DIRECTIONS FOR THIS TASK: Look for the word "define" in the entries below, then copy every line that has it.

Records from a data source:
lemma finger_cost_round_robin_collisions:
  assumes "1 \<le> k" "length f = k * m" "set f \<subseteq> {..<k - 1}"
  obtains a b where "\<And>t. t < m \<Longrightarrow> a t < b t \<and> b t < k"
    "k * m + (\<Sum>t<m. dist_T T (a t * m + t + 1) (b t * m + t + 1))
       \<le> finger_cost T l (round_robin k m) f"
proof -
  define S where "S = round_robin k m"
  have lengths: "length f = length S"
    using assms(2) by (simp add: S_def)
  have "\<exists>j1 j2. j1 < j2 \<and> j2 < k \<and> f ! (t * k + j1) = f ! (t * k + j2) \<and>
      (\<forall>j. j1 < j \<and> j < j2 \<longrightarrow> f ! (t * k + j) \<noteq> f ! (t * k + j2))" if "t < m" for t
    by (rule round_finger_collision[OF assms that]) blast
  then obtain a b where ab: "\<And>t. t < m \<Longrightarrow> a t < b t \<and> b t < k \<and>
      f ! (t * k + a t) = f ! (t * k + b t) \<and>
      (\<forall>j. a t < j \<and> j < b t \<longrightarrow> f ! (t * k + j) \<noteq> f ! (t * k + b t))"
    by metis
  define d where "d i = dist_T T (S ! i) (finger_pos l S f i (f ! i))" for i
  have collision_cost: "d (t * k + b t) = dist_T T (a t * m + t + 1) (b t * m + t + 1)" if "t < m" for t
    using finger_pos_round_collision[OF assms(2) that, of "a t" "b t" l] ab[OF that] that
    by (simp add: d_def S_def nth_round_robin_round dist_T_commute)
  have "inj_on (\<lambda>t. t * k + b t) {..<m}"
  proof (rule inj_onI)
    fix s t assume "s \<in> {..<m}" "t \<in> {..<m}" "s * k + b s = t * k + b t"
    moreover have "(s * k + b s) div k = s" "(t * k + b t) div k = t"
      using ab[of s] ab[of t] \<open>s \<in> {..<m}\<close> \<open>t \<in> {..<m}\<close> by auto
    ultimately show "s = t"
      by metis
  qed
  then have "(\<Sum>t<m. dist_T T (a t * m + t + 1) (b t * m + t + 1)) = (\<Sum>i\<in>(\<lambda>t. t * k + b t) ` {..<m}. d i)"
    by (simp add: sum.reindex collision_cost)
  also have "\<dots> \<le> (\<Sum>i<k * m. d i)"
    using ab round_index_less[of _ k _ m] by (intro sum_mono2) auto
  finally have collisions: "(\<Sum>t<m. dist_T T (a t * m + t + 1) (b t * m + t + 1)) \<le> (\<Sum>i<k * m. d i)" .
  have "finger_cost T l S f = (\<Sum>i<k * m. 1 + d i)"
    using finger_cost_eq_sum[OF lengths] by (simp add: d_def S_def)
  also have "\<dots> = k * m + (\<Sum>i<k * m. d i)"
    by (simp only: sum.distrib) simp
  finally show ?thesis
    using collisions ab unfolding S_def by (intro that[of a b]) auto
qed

SOLUTION FOR THIS EXERCISE:
  define S where "S = round_robin k m"
  define d where "d i = dist_T T (S ! i) (finger_pos l S f i (f ! i))" for i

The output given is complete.